┏━━

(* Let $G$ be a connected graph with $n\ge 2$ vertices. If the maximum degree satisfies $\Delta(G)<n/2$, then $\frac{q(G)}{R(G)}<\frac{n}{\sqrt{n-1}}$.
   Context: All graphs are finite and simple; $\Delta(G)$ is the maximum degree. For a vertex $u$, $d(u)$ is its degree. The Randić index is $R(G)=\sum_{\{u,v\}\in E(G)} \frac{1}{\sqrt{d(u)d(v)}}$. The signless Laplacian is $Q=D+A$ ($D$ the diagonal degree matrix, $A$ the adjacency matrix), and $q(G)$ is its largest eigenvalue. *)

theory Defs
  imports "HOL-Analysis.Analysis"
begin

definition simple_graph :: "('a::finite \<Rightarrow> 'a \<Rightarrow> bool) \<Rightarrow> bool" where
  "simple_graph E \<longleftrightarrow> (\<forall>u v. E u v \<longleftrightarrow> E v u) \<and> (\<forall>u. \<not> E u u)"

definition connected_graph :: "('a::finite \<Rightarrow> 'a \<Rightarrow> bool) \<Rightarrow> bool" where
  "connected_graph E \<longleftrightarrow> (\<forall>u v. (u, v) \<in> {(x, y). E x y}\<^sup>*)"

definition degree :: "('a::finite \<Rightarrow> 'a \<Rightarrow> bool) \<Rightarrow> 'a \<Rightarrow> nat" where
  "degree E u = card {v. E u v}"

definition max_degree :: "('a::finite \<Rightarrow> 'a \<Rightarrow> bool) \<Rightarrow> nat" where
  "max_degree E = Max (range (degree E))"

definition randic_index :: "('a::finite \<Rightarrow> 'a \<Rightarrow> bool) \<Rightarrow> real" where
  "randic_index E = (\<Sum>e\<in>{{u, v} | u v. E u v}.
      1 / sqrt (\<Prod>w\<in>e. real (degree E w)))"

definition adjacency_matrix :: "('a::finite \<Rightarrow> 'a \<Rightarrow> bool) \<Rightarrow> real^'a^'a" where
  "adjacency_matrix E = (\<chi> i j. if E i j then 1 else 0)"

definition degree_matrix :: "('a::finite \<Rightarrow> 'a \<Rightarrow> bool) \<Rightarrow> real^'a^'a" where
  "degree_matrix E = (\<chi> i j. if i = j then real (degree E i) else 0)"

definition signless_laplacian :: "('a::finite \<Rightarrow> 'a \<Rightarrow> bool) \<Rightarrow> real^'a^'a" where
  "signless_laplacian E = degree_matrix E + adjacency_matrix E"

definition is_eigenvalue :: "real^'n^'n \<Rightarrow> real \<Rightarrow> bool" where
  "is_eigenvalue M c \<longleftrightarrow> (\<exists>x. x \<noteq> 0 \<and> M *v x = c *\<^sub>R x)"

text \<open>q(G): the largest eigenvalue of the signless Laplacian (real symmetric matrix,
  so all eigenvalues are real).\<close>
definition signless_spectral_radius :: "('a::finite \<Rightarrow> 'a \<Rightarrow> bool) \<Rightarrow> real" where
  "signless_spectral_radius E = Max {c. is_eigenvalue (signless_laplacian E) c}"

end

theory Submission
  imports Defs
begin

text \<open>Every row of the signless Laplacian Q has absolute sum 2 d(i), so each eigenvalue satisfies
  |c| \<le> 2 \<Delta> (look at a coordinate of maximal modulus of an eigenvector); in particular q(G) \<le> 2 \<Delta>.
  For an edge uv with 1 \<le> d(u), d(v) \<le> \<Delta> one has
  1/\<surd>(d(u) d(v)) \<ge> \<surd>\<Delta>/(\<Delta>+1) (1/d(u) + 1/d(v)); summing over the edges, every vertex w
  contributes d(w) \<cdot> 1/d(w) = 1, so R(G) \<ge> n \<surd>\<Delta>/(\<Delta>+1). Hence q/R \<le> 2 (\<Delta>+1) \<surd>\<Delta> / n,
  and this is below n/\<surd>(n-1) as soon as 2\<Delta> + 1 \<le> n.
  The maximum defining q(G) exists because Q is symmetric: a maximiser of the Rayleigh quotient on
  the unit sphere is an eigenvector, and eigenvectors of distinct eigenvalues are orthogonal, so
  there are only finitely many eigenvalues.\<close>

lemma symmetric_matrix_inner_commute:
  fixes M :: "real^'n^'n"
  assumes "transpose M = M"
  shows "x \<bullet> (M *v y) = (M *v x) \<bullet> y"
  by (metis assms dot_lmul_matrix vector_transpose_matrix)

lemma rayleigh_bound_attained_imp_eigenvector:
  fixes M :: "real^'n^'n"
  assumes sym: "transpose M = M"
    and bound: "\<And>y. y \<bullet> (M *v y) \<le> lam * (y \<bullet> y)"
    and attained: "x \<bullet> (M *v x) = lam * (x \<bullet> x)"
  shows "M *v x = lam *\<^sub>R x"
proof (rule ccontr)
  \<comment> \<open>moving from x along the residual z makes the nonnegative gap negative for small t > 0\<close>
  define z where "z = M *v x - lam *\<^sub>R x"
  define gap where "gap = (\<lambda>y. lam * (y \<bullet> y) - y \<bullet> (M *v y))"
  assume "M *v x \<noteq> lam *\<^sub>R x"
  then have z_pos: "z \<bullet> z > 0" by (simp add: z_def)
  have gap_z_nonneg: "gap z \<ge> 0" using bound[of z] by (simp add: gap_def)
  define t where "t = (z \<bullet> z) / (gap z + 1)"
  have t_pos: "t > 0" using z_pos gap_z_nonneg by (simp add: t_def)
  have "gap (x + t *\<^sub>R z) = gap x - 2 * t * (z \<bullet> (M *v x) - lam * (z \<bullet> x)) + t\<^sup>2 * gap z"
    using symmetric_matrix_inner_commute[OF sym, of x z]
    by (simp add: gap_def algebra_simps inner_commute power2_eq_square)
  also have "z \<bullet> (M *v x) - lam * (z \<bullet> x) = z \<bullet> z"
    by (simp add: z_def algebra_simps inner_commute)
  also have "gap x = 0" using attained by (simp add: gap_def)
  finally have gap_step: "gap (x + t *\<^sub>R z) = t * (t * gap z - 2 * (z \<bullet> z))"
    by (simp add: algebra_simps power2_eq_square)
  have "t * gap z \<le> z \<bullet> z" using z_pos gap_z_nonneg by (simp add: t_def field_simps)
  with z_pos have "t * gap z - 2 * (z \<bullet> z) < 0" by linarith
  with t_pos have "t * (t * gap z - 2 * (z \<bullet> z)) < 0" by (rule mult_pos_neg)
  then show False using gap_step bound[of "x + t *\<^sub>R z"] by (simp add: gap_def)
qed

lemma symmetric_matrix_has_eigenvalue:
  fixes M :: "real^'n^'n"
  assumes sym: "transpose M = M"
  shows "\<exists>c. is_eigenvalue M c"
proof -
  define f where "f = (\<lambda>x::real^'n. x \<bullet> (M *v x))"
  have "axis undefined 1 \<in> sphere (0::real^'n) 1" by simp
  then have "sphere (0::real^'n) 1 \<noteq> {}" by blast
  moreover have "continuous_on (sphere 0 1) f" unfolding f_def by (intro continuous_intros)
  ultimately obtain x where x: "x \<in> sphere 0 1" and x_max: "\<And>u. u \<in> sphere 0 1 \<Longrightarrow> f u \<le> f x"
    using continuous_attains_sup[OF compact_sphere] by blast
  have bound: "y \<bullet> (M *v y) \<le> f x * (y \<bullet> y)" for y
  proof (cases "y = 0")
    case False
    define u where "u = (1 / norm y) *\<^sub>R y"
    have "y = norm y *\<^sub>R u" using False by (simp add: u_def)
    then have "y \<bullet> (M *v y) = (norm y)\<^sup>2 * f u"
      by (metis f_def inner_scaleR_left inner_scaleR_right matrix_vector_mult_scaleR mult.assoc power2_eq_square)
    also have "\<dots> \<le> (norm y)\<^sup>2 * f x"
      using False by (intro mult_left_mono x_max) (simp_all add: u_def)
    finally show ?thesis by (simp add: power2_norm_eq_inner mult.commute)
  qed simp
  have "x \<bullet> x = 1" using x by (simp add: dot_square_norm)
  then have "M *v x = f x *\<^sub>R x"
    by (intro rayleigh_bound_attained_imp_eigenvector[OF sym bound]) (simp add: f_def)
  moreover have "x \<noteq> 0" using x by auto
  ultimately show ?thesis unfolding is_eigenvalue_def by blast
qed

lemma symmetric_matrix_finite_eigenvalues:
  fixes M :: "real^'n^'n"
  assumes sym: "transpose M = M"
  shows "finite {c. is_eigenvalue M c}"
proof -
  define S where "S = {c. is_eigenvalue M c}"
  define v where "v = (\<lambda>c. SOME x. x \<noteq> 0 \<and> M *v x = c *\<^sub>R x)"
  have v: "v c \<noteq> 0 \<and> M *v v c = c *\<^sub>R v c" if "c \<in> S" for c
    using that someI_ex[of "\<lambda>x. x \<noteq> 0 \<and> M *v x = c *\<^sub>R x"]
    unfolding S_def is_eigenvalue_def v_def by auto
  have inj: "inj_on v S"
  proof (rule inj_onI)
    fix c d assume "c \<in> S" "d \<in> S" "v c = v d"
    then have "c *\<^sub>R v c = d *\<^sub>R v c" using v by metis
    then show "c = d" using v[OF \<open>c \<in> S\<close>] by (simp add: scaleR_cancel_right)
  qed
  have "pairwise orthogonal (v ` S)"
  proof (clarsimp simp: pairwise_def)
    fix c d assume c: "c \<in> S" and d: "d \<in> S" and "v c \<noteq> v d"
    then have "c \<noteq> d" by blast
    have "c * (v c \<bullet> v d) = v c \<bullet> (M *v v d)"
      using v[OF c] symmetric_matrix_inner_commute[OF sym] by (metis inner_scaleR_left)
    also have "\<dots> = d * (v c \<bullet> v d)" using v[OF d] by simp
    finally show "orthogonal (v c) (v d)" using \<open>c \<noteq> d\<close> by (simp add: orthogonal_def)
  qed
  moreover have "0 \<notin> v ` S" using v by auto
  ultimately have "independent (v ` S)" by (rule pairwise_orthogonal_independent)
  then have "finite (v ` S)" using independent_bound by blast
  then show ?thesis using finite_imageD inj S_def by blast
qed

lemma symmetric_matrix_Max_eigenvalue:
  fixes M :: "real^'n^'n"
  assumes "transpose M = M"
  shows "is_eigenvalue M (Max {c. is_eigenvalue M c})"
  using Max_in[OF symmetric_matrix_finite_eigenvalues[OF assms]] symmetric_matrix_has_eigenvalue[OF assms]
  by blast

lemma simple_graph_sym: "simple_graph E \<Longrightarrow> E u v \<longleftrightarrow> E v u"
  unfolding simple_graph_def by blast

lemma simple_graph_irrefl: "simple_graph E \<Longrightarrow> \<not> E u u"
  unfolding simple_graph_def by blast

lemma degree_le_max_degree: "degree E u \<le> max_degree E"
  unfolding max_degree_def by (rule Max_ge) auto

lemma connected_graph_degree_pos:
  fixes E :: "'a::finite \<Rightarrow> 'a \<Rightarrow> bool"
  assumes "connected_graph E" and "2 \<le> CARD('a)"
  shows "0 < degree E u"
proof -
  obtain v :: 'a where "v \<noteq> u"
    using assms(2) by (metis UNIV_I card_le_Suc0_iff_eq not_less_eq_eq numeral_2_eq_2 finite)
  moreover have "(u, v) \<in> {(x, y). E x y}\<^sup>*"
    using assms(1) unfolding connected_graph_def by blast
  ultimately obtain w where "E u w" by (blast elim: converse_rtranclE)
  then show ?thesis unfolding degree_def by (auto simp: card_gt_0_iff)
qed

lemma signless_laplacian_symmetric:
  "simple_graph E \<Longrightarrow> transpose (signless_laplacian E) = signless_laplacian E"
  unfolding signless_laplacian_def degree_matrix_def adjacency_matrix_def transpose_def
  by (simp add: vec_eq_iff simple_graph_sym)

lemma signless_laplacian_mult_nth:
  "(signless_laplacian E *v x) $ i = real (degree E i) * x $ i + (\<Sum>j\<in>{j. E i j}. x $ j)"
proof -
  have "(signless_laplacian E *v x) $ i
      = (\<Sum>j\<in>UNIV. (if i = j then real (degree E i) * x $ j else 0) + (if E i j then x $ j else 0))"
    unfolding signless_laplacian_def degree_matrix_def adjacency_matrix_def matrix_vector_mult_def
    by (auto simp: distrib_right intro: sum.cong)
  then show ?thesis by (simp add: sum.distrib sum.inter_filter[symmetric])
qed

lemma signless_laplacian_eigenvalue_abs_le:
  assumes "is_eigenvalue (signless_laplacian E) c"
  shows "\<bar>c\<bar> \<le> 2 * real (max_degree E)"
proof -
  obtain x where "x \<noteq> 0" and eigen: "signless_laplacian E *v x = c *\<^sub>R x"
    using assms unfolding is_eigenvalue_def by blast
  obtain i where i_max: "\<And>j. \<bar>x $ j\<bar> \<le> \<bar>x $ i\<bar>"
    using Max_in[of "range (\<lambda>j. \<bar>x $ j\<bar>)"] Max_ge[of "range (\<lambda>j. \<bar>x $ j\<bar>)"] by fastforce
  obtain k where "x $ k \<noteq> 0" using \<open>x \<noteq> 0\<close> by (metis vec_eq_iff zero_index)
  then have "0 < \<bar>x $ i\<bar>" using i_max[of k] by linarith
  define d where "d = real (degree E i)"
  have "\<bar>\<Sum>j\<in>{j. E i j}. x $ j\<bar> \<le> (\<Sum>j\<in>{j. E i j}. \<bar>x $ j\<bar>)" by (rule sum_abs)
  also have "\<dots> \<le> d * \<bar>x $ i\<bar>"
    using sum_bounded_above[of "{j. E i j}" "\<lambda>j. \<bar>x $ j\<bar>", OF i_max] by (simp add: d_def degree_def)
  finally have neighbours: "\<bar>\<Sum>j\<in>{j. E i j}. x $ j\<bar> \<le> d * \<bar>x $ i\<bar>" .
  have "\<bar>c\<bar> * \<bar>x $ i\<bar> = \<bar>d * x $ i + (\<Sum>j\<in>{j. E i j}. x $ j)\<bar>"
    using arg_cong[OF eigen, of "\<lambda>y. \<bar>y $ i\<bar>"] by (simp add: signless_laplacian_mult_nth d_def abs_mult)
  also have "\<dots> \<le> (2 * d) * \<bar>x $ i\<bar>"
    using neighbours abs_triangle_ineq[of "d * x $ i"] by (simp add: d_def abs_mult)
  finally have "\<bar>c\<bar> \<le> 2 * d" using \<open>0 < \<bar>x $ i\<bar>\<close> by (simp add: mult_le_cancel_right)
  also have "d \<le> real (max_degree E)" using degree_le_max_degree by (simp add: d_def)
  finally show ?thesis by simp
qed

┗━━
┏━━

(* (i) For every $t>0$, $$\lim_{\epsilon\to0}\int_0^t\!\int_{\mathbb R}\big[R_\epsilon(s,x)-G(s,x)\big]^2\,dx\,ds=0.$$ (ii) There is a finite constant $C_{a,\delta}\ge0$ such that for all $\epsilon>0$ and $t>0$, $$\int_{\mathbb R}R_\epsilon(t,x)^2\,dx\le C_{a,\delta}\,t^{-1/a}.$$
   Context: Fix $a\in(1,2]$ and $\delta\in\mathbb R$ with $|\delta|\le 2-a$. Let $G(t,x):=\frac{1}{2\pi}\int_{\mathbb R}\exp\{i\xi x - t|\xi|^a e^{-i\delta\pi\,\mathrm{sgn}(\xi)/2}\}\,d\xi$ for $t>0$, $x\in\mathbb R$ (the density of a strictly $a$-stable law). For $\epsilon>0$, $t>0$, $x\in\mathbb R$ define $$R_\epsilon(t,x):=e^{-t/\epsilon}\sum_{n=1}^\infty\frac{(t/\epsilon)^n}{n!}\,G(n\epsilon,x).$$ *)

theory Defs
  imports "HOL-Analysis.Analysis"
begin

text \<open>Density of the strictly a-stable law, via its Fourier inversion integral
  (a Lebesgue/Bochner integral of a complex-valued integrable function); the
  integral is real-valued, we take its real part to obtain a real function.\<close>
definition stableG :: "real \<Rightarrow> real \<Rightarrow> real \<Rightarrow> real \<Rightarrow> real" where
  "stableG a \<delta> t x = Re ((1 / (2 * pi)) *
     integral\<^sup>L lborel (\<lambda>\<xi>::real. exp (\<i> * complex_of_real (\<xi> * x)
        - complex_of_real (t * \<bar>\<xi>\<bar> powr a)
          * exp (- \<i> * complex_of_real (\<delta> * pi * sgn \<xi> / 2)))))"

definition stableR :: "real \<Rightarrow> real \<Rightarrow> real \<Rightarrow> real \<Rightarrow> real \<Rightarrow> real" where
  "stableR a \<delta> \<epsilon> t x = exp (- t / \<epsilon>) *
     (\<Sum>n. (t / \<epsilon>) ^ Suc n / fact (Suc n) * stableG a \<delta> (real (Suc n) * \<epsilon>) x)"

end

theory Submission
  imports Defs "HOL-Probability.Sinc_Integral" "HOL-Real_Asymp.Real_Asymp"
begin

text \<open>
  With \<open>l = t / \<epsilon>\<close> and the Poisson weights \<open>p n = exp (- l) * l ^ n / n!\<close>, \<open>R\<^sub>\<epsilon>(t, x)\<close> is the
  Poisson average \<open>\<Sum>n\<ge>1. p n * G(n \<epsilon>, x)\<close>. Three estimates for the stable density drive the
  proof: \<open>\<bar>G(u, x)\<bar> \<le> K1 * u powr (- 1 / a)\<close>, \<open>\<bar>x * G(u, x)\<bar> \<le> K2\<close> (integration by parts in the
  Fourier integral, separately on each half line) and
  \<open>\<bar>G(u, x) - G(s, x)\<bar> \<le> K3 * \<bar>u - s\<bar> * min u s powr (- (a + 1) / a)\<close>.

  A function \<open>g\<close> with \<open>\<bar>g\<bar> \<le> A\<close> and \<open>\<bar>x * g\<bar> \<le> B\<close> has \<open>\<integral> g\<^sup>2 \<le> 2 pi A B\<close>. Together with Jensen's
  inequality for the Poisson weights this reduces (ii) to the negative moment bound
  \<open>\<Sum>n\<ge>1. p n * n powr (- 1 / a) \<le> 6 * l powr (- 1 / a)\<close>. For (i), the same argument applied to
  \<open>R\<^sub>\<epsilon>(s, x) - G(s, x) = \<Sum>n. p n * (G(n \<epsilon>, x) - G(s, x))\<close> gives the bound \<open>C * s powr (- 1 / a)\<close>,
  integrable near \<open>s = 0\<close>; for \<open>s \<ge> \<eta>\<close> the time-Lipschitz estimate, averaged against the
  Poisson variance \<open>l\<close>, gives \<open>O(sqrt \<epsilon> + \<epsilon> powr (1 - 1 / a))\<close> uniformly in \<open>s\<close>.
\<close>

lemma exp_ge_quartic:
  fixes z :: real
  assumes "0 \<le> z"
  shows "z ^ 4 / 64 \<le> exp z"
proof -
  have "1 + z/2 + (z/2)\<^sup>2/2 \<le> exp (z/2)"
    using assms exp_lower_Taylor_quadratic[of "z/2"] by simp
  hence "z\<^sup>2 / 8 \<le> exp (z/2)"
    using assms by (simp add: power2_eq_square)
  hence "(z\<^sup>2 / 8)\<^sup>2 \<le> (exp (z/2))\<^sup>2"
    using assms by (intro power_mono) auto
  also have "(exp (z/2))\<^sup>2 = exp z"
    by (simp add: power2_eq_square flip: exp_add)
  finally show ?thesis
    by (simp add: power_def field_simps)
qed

┗━━
┏━━

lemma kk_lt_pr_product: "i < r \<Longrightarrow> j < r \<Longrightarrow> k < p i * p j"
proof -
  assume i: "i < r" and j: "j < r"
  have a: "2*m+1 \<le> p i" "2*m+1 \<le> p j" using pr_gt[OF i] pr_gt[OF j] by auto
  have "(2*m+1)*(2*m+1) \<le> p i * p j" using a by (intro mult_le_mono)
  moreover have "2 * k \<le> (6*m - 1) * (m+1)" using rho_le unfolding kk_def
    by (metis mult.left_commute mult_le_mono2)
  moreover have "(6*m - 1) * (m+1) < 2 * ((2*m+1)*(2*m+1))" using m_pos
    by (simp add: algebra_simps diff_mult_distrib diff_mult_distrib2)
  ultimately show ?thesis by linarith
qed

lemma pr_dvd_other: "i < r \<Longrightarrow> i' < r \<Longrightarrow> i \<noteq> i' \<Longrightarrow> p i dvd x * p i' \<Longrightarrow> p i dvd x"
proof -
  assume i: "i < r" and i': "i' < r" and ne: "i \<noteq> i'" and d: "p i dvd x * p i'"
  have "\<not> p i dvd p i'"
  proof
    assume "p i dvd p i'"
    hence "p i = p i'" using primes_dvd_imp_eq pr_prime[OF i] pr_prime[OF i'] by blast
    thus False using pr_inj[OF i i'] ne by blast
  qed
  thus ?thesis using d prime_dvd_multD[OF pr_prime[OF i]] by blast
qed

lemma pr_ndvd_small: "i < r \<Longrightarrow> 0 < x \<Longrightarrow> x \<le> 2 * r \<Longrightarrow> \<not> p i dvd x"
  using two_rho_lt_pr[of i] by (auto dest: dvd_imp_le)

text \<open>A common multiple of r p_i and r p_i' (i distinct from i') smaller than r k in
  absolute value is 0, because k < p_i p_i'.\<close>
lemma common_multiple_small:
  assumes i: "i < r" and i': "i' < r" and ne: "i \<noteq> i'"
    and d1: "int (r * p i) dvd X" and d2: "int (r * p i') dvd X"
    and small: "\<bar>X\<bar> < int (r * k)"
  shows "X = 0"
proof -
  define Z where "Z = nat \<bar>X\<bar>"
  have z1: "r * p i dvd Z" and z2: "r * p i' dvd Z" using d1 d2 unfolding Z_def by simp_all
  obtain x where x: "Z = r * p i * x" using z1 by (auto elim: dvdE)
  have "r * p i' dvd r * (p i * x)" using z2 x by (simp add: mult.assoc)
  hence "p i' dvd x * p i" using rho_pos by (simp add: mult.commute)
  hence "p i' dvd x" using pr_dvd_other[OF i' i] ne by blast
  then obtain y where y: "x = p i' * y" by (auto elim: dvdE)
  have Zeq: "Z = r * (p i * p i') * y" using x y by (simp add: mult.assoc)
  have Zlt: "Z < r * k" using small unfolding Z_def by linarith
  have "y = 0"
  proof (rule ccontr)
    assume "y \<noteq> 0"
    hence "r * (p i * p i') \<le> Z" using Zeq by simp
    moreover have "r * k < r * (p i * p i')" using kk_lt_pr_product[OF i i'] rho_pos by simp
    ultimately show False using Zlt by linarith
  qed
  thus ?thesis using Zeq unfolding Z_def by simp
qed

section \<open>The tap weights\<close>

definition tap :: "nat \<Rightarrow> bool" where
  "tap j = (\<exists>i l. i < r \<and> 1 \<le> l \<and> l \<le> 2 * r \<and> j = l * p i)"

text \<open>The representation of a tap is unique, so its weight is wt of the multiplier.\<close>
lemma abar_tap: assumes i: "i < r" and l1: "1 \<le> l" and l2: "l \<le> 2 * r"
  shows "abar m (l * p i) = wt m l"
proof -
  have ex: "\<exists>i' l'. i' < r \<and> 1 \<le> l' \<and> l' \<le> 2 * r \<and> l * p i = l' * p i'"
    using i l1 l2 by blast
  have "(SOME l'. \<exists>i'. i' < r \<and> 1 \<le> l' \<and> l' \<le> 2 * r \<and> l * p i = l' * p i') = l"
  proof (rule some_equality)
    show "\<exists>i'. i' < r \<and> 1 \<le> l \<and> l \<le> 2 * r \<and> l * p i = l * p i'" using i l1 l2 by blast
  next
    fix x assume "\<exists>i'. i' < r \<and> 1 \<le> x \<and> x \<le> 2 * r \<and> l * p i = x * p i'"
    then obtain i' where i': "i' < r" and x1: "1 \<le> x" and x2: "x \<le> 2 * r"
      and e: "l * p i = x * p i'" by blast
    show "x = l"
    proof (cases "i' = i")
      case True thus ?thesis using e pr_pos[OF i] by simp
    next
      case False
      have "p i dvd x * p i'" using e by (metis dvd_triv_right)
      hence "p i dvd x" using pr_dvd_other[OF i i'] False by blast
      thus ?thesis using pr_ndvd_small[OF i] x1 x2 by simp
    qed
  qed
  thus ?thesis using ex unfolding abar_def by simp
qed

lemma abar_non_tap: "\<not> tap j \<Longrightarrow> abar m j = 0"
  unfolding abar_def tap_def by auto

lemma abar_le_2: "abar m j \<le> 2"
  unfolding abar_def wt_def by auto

┗━━

Go through the data line by line and say how many lines contain "distinct". Give the number alone.

Finished exercise: 2